### What is being asked
Here are the records. Write out exactly the lines between the one holding "(I \<cdot> ideal_pow" and the one holding "K = J2 \<cdot>", inclusive.

• • • • • • •

(* Let $J_1,J_2\subseteq I$ be ideals in a Noetherian ring $R$ such that both pairs $J_1\subseteq I$ and $J_2\subseteq I$ are Aluffi torsion-free. Then $J_1+J_2\subseteq I$ is Aluffi torsion-free if and only if the pair of image ideals $\overline{J_1}\subseteq\overline I$ in $\overline R=R/J_2$ is Aluffi torsion-free.
   Context: A pair of ideals $J\subseteq I$ in a ring $R$ is called Aluffi torsion-free if $J\cap I^n=JI^{n-1}$ for all $n\ge1$ (with $I^0=R$). *)

theory Defs
  imports "HOL-Algebra.Algebra" "HOL-Algebra.Ideal_Product"
begin

fun ideal_pow :: "('a, 'b) ring_scheme \<Rightarrow> 'a set \<Rightarrow> nat \<Rightarrow> 'a set" where
  "ideal_pow R I 0 = carrier R"
| "ideal_pow R I (Suc n) = ideal_prod R I (ideal_pow R I n)"

definition aluffi_torsion_free :: "('a, 'b) ring_scheme \<Rightarrow> 'a set \<Rightarrow> 'a set \<Rightarrow> bool" where
  "aluffi_torsion_free R J I \<longleftrightarrow>
     (\<forall>n::nat. n \<ge> 1 \<longrightarrow> J \<inter> ideal_pow R I n = ideal_prod R J (ideal_pow R I (n - 1)))"

definition quot_image :: "('a, 'b) ring_scheme \<Rightarrow> 'a set \<Rightarrow> 'a set \<Rightarrow> 'a set set" where
  "quot_image R K A = (\<lambda>a. K +>\<^bsub>R\<^esub> a) ` A"

end

theory Submission
  imports Defs
begin

(* Write J = J1 + J2, fix n \<ge> 1 and let K = I^(n-1), so that I^n = I K.  Modulo J2, the
   intersection of the images of J1 and I K is the image of J \<inter> I K, and the image of J1 K is
   that of J K = J1 K + J2 K; so torsion-freeness of the images says that J \<inter> I K and J K agree
   modulo J2.  Since J K \<subseteq> J \<inter> I K, and torsion-freeness of J2 \<subseteq> I gives
   (J \<inter> I K) \<inter> J2 = J2 K \<subseteq> J K, the modular law turns agreement modulo J2 into equality. *)

no_notation Sum_Type.Plus (infixr \<open><+>\<close> 65)

lemma (in abelian_group) mem_set_add_iff:
  "x \<in> A <+> B \<longleftrightarrow> (\<exists>a\<in>A. \<exists>b\<in>B. x = a \<oplus> b)"
  unfolding set_add_def' by blast

lemma (in abelian_subgroup) a_rcos_vimage_image:
  assumes "A \<subseteq> carrier G"
  shows "carrier G \<inter> (+>) H -` ((+>) H ` A) = A <+> H"
proof (intro equalityI subsetI)
  fix x assume "x \<in> carrier G \<inter> (+>) H -` ((+>) H ` A)"
  then obtain a where x: "x \<in> carrier G" and a: "a \<in> A" "H +> a = H +> x" by force
  have "x \<in> H +> a" using a_repr_independenceD[OF x a(2)] .
  then obtain h where h: "h \<in> H" "x = h \<oplus> a" unfolding a_r_coset_def' by blast
  have "x = a \<oplus> h" using h a assms a_comm[of h a] a_Hcarr[OF h(1)] by blast
  then show "x \<in> A <+> H" using a(1) h(1) mem_set_add_iff by blast
next
  fix x assume "x \<in> A <+> H"
  then obtain a h where ah: "a \<in> A" "h \<in> H" "x = a \<oplus> h" using mem_set_add_iff by blast
  with assms have a: "a \<in> carrier G" by blast
  have "x = h \<oplus> a" using ah a a_comm[of a h] a_Hcarr[OF ah(2)] by blast
  then have x: "x \<in> H +> a" using ah(2) unfolding a_r_coset_def' by blast
  have "x \<in> carrier G" using a_elemrcos_carrier[OF a x] .
  moreover have "H +> x = H +> a" using a_repr_independence'[OF x a] by (rule sym)
  ultimately show "x \<in> carrier G \<inter> (+>) H -` ((+>) H ` A)" using ah(1) by blast
qed

lemma (in abelian_subgroup) a_rcos_image_eq_iff:
  assumes "A \<subseteq> carrier G" "B \<subseteq> carrier G"
  shows "(+>) H ` A = (+>) H ` B \<longleftrightarrow> A <+> H = B <+> H"
proof
  assume eq: "(+>) H ` A = (+>) H ` B"
  have "A <+> H = carrier G \<inter> (+>) H -` ((+>) H ` A)"
    using a_rcos_vimage_image[OF assms(1)] by (rule sym)
  also have "\<dots> = B <+> H"
    unfolding eq using assms(2) by (rule a_rcos_vimage_image)
  finally show "A <+> H = B <+> H" .
next
  have image_vimage: "(+>) H ` C = (+>) H ` (C <+> H)" if "C \<subseteq> carrier G" for C
  proof -
    have "(+>) H ` C = (+>) H ` (carrier G \<inter> (+>) H -` ((+>) H ` C))"
      using that by blast
    then show ?thesis using a_rcos_vimage_image[OF that] by simp
  qed
  assume "A <+> H = B <+> H"
  then show "(+>) H ` A = (+>) H ` B"
    using image_vimage[OF assms(1)] image_vimage[OF assms(2)] by simp
qed

lemma (in abelian_subgroup) a_rcos_image_Int:
  assumes "A \<subseteq> carrier G" "B \<subseteq> carrier G"
  shows "(+>) H ` A \<inter> (+>) H ` B = (+>) H ` ((A <+> H) \<inter> B)"
proof -
  have "(+>) H ` A \<inter> (+>) H ` B = (+>) H ` (B \<inter> (carrier G \<inter> (+>) H -` ((+>) H ` A)))"
    using assms(2) by blast
  then show ?thesis using a_rcos_vimage_image[OF assms(1)] by (simp add: Int_commute)
qed

lemma (in abelian_subgroup) a_rcos_image_set_add:
  assumes "A \<subseteq> carrier G" "B \<subseteq> H" "\<zero> \<in> B"
  shows "(+>) H ` (A <+> B) = (+>) H ` A"
proof -
  have absorb: "H +> (a \<oplus> b) = H +> a" if a: "a \<in> carrier G" and b: "b \<in> H" for a b
  proof -
    have "a \<oplus> b = b \<oplus> a" using a_comm[OF a a_Hcarr[OF b]] .
    then have "a \<oplus> b \<in> H +> a" using b unfolding a_r_coset_def' by blast
    then show ?thesis using a_repr_independence' a by (metis sym)
  qed
  show ?thesis
  proof (intro equalityI subsetI)
    fix y assume "y \<in> (+>) H ` (A <+> B)"
    then obtain x where "x \<in> A <+> B" "y = H +> x" by blast
    then obtain a b where "a \<in> A" "b \<in> B" "y = H +> (a \<oplus> b)"
      unfolding mem_set_add_iff by blast
    then show "y \<in> (+>) H ` A" using absorb assms(1,2) by (metis image_eqI subsetD)
  next
    fix y assume "y \<in> (+>) H ` A"
    then obtain a where a: "a \<in> A" "y = H +> a" by blast
    have "a \<oplus> \<zero> \<in> A <+> B" unfolding mem_set_add_iff using a(1) assms(3) by blast
    moreover have "H +> (a \<oplus> \<zero>) = y" using absorb a assms by blast
    ultimately show "y \<in> (+>) H ` (A <+> B)" by blast
  qed
qed

lemma (in abelian_group) additive_subgroups_eq_modular:
  assumes "additive_subgroup H G" "additive_subgroup A G" "additive_subgroup B G"
    and "B \<subseteq> A" "A \<inter> H \<subseteq> B" "A <+> H \<subseteq> B <+> H"
  shows "A = B"
proof
  interpret H: additive_subgroup H G by fact
  interpret A: additive_subgroup A G by fact
  interpret B: additive_subgroup B G by fact
  show "A \<subseteq> B"
  proof
    fix a assume a: "a \<in> A"
    have "a \<in> A <+> H"
      unfolding set_add_def' using A.a_Hcarr[OF a]
      by (intro UN_I[OF a] UN_I[OF H.zero_closed]) simp
    then obtain b h where bh: "b \<in> B" "h \<in> H" "a = b \<oplus> h"
      using assms(6) unfolding set_add_def' by blast
    then have "h = \<ominus> b \<oplus> a"
      using B.a_Hcarr[OF bh(1)] H.a_Hcarr[OF bh(2)] by (simp add: a_assoc[symmetric] l_neg)
    then have "h \<in> A" using bh(1) a assms(4) by blast
    then have "h \<in> B" using bh(2) assms(5) by blast
    then show "a \<in> B" using bh(1,3) by simp
  qed
qed (fact assms(4))

lemma ideal_prod_mono:
  assumes "A \<subseteq> A'"
  shows "A \<cdot>\<^bsub>R\<^esub> C \<subseteq> A' \<cdot>\<^bsub>R\<^esub> C"
proof
  fix x assume "x \<in> A \<cdot>\<^bsub>R\<^esub> C" then show "x \<in> A' \<cdot>\<^bsub>R\<^esub> C"
    by (induct x rule: ideal_prod.induct) (auto intro: ideal_prod.intros simp: subsetD[OF assms])
qed

lemma (in ring) ideal_prod_subset_carrier:
  assumes "A \<subseteq> carrier R" "B \<subseteq> carrier R"
  shows "A \<cdot> B \<subseteq> carrier R"
proof
  fix x assume "x \<in> A \<cdot> B" then show "x \<in> carrier R"
    by (induct x rule: ideal_prod.induct) (use assms in auto)
qed

lemma (in ring_hom_ring) image_ideal_prod:
  assumes "A \<subseteq> carrier R" "B \<subseteq> carrier R"
  shows "h ` (A \<cdot>\<^bsub>R\<^esub> B) = (h ` A) \<cdot>\<^bsub>S\<^esub> (h ` B)"
proof (intro equalityI subsetI)
  fix y assume "y \<in> h ` (A \<cdot>\<^bsub>R\<^esub> B)"
  then obtain x where x: "x \<in> A \<cdot>\<^bsub>R\<^esub> B" "y = h x" by blast
  have "h x \<in> (h ` A) \<cdot>\<^bsub>S\<^esub> (h ` B)"
    using x(1)
  proof (induct x rule: ideal_prod.induct)
    case (prod a b)
    then have "h a \<otimes>\<^bsub>S\<^esub> h b \<in> (h ` A) \<cdot>\<^bsub>S\<^esub> (h ` B)" by (blast intro: ideal_prod.prod)
    then show ?case using prod assms by (simp add: subsetD)
  next
    case (sum s1 s2)
    then have "h s1 \<oplus>\<^bsub>S\<^esub> h s2 \<in> (h ` A) \<cdot>\<^bsub>S\<^esub> (h ` B)" by (blast intro: ideal_prod.sum)
    then show ?case using sum R.ideal_prod_subset_carrier[OF assms] by (simp add: subsetD)
  qed
  then show "y \<in> (h ` A) \<cdot>\<^bsub>S\<^esub> (h ` B)" using x(2) by simp
next
  fix y assume "y \<in> (h ` A) \<cdot>\<^bsub>S\<^esub> (h ` B)"
  then show "y \<in> h ` (A \<cdot>\<^bsub>R\<^esub> B)"
  proof (induct y rule: ideal_prod.induct)
    case (prod i j)
    then obtain a b where ab: "a \<in> A" "b \<in> B" "i = h a" "j = h b" by blast
    then have "h (a \<otimes> b) = i \<otimes>\<^bsub>S\<^esub> j" using assms by (simp add: subsetD)
    moreover have "a \<otimes> b \<in> A \<cdot>\<^bsub>R\<^esub> B" using ab by (blast intro: ideal_prod.prod)
    ultimately show ?case by (metis image_eqI)
  next
    case (sum s1 s2)
    then obtain x1 x2 where x: "x1 \<in> A \<cdot>\<^bsub>R\<^esub> B" "x2 \<in> A \<cdot>\<^bsub>R\<^esub> B" "s1 = h x1" "s2 = h x2"
      by blast
    then have "h (x1 \<oplus> x2) = s1 \<oplus>\<^bsub>S\<^esub> s2"
      using R.ideal_prod_subset_carrier[OF assms] by (simp add: subsetD)
    moreover have "x1 \<oplus> x2 \<in> A \<cdot>\<^bsub>R\<^esub> B" using x by (blast intro: ideal_prod.sum)
    ultimately show ?case by (metis image_eqI)
  qed
qed

lemma (in ring) ideal_pow_is_ideal:
  assumes "ideal I R"
  shows "ideal (ideal_pow R I n) R"
  by (induct n) (simp_all add: oneideal ideal_prod_is_ideal assms)

lemma (in ring_hom_ring) image_ideal_pow:
  assumes "ideal I R" "h ` carrier R = carrier S"
  shows "h ` ideal_pow R I n = ideal_pow S (h ` I) n"
proof (induct n)
  case 0
  then show ?case using assms(2) by simp
next
  case (Suc n)
  have "I \<subseteq> carrier R" "ideal_pow R I n \<subseteq> carrier R"
    using ideal.Icarr[OF assms(1)] ideal.Icarr[OF R.ideal_pow_is_ideal[OF assms(1)]] by blast+
  then have "h ` (I \<cdot> ideal_pow R I n) = (h ` I) \<cdot>\<^bsub>S\<^esub> (h ` ideal_pow R I n)"
    by (rule image_ideal_prod)
  then show ?case using Suc by simp
qed

lemma aluffi_torsion_free_iff:
  "aluffi_torsion_free R J I \<longleftrightarrow>
     (\<forall>m. J \<inter> I \<cdot>\<^bsub>R\<^esub> ideal_pow R I m = J \<cdot>\<^bsub>R\<^esub> ideal_pow R I m)"
proof -
  have "(\<forall>n::nat. n \<ge> 1 \<longrightarrow> P n) \<longleftrightarrow> (\<forall>m. P (Suc m))" for P
    by (metis One_nat_def Suc_le_D Suc_le_mono le0)
  then show ?thesis unfolding aluffi_torsion_free_def by simp
qed

lemma (in cring) sum_inter_ideal_prod_iff_quotient:
  assumes I: "ideal I R" and J1: "ideal J1 R" and J2: "ideal J2 R" and K: "ideal K R"
    and "J1 \<subseteq> I" "J2 \<subseteq> I" and torsion_free: "J2 \<inter> I \<cdot> K = J2 \<cdot> K"
  shows "(J1 <+> J2) \<inter> I \<cdot> K = (J1 <+> J2) \<cdot> K \<longleftrightarrow>
         (+>) J2 ` J1 \<inter> (+>) J2 ` (I \<cdot> K) = (+>) J2 ` (J1 \<cdot> K)"
proof -
  interpret J2: ideal J2 R by fact
  define J where "J = J1 <+> J2"
  have J: "ideal J R" unfolding J_def using J1 J2 by (rule add_ideals)
  have carrier: "A \<subseteq> carrier R" if "ideal A R" for A
    using ideal.Icarr[OF that] by blast
  have "J1 \<union> J2 \<subseteq> J"
    unfolding J_def union_genideal[OF J1 J2, symmetric]
    by (rule genideal_self) (use carrier[OF J1] carrier[OF J2] in simp)
  then have J1_J: "J1 \<subseteq> J" and J2_J: "J2 \<subseteq> J" by auto
  have J_I: "J \<subseteq> I"
    unfolding J_def union_genideal[OF J1 J2, symmetric] using I
    by (rule genideal_minimal) (use assms(5,6) in simp)
  have IK: "ideal (I \<cdot> K) R" and JK: "ideal (J \<cdot> K) R" and J1K: "ideal (J1 \<cdot> K) R"
    and J2K: "ideal (J2 \<cdot> K) R"
    using ideal_prod_is_ideal I J J1 J2 K by blast+
  have JK_sub: "J \<cdot> K \<subseteq> J \<inter> I \<cdot> K"
    using ideal_prod_inter[OF J K] ideal_prod_mono[OF J_I] by blast
  have left: "(+>) J2 ` J1 \<inter> (+>) J2 ` (I \<cdot> K) = (+>) J2 ` (J \<inter> I \<cdot> K)"
    unfolding J_def using carrier[OF J1] carrier[OF IK] by (rule J2.a_rcos_image_Int)
  have "J \<cdot> K = J1 \<cdot> K <+> J2 \<cdot> K"
    unfolding J_def using K J1 J2 by (rule ideal_prod_distr(2))
  moreover have "J2 \<cdot> K \<subseteq> J2" using ideal_prod_inter[OF J2 K] by blast
  moreover have "\<zero> \<in> J2 \<cdot> K" using ideal.axioms(1)[OF J2K] by (rule additive_subgroup.zero_closed)
  ultimately have right: "(+>) J2 ` (J \<cdot> K) = (+>) J2 ` (J1 \<cdot> K)"
    using J2.a_rcos_image_set_add[OF carrier[OF J1K]] by simp
  have "J \<inter> I \<cdot> K = J \<cdot> K \<longleftrightarrow> (+>) J2 ` (J \<inter> I \<cdot> K) = (+>) J2 ` (J \<cdot> K)"
  proof
    assume eq: "(+>) J2 ` (J \<inter> I \<cdot> K) = (+>) J2 ` (J \<cdot> K)"
    have "J \<inter> I \<cdot> K \<subseteq> carrier R" using carrier[OF J] by blast
    then have "(J \<inter> I \<cdot> K) <+> J2 = J \<cdot> K <+> J2"
      using J2.a_rcos_image_eq_iff[OF _ carrier[OF JK]] eq by blast
    moreover have "(J \<inter> I \<cdot> K) \<inter> J2 \<subseteq> J \<cdot> K"
      using J2_J torsion_free ideal_prod_mono[OF J2_J] by blast
    moreover have "additive_subgroup (J \<inter> I \<cdot> K) R"
      using i_intersect[OF J IK] by (rule ideal.axioms(1))
    ultimately show "J \<inter> I \<cdot> K = J \<cdot> K"
      using additive_subgroups_eq_modular J2.additive_subgroup_axioms JK_sub
        ideal.axioms(1)[OF JK] by blast
  qed simp
  then show ?thesis unfolding J_def[symmetric] left right by simp
qed

theorem proposition2p5:
  fixes R :: "('a, 'b) ring_scheme" and I J1 J2 :: "'a set"
  assumes "cring R" and "noetherian_ring R"
    and "ideal I R" and "ideal J1 R" and "ideal J2 R"
    and "J1 \<subseteq> I" and "J2 \<subseteq> I"
    and "aluffi_torsion_free R J1 I" and "aluffi_torsion_free R J2 I"
  shows "aluffi_torsion_free R (J1 <+>\<^bsub>R\<^esub> J2) I \<longleftrightarrow>
         aluffi_torsion_free (R Quot J2) (quot_image R J2 J1) (quot_image R J2 I)"
proof -
  interpret cring R by fact
  interpret J2: ideal J2 R by fact
  interpret quotient: ring_hom_ring R "R Quot J2" "(+>\<^bsub>R\<^esub>) J2"
    by (rule J2.rcos_ring_hom_ring)
  have surj: "(+>\<^bsub>R\<^esub>) J2 ` carrier R = carrier (R Quot J2)"
    unfolding FactRing_def A_RCOSETS_def' by (simp add: UNION_singleton_eq_range)
  have pow:
    "ideal_pow (R Quot J2) ((+>\<^bsub>R\<^esub>) J2 ` I) m = (+>\<^bsub>R\<^esub>) J2 ` ideal_pow R I m" for m
    using quotient.image_ideal_pow[OF assms(3) surj] by (rule sym)
  have prod:
    "(+>\<^bsub>R\<^esub>) J2 ` A \<cdot>\<^bsub>R Quot J2\<^esub> (+>\<^bsub>R\<^esub>) J2 ` B = (+>\<^bsub>R\<^esub>) J2 ` (A \<cdot>\<^bsub>R\<^esub> B)"
    if "ideal A R" "ideal B R" for A B
    using quotient.image_ideal_prod ideal.Icarr that by (metis subsetI)
  have torsion_free: "J2 \<inter> I \<cdot>\<^bsub>R\<^esub> ideal_pow R I m = J2 \<cdot>\<^bsub>R\<^esub> ideal_pow R I m" for m
    using assms(9) unfolding aluffi_torsion_free_iff by blast
  have step:
    "(J1 <+>\<^bsub>R\<^esub> J2) \<inter> I \<cdot>\<^bsub>R\<^esub> ideal_pow R I m = (J1 <+>\<^bsub>R\<^esub> J2) \<cdot>\<^bsub>R\<^esub> ideal_pow R I m
     \<longleftrightarrow> (+>\<^bsub>R\<^esub>) J2 ` J1 \<inter> (+>\<^bsub>R\<^esub>) J2 ` (I \<cdot>\<^bsub>R\<^esub> ideal_pow R I m)
         = (+>\<^bsub>R\<^esub>) J2 ` (J1 \<cdot>\<^bsub>R\<^esub> ideal_pow R I m)" for m
    by (rule sum_inter_ideal_prod_iff_quotient[OF assms(3-5) ideal_pow_is_ideal[OF assms(3)]
          assms(6,7) torsion_free])
  show ?thesis
    unfolding aluffi_torsion_free_iff quot_image_def pow
    by (simp add: prod step assms ideal_pow_is_ideal)
qed

end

• • • • • • •

### Exercise response
  then have "h ` (I \<cdot> ideal_pow R I n) = (h ` I) \<cdot>\<^bsub>S\<^esub> (h ` ideal_pow R I n)"
    by (rule image_ideal_prod)
  then show ?case using Suc by simp
qed

lemma aluffi_torsion_free_iff:
  "aluffi_torsion_free R J I \<longleftrightarrow>
     (\<forall>m. J \<inter> I \<cdot>\<^bsub>R\<^esub> ideal_pow R I m = J \<cdot>\<^bsub>R\<^esub> ideal_pow R I m)"
proof -
  have "(\<forall>n::nat. n \<ge> 1 \<longrightarrow> P n) \<longleftrightarrow> (\<forall>m. P (Suc m))" for P
    by (metis One_nat_def Suc_le_D Suc_le_mono le0)
  then show ?thesis unfolding aluffi_torsion_free_def by simp
qed

lemma (in cring) sum_inter_ideal_prod_iff_quotient:
  assumes I: "ideal I R" and J1: "ideal J1 R" and J2: "ideal J2 R" and K: "ideal K R"
    and "J1 \<subseteq> I" "J2 \<subseteq> I" and torsion_free: "J2 \<inter> I \<cdot> K = J2 \<cdot> K"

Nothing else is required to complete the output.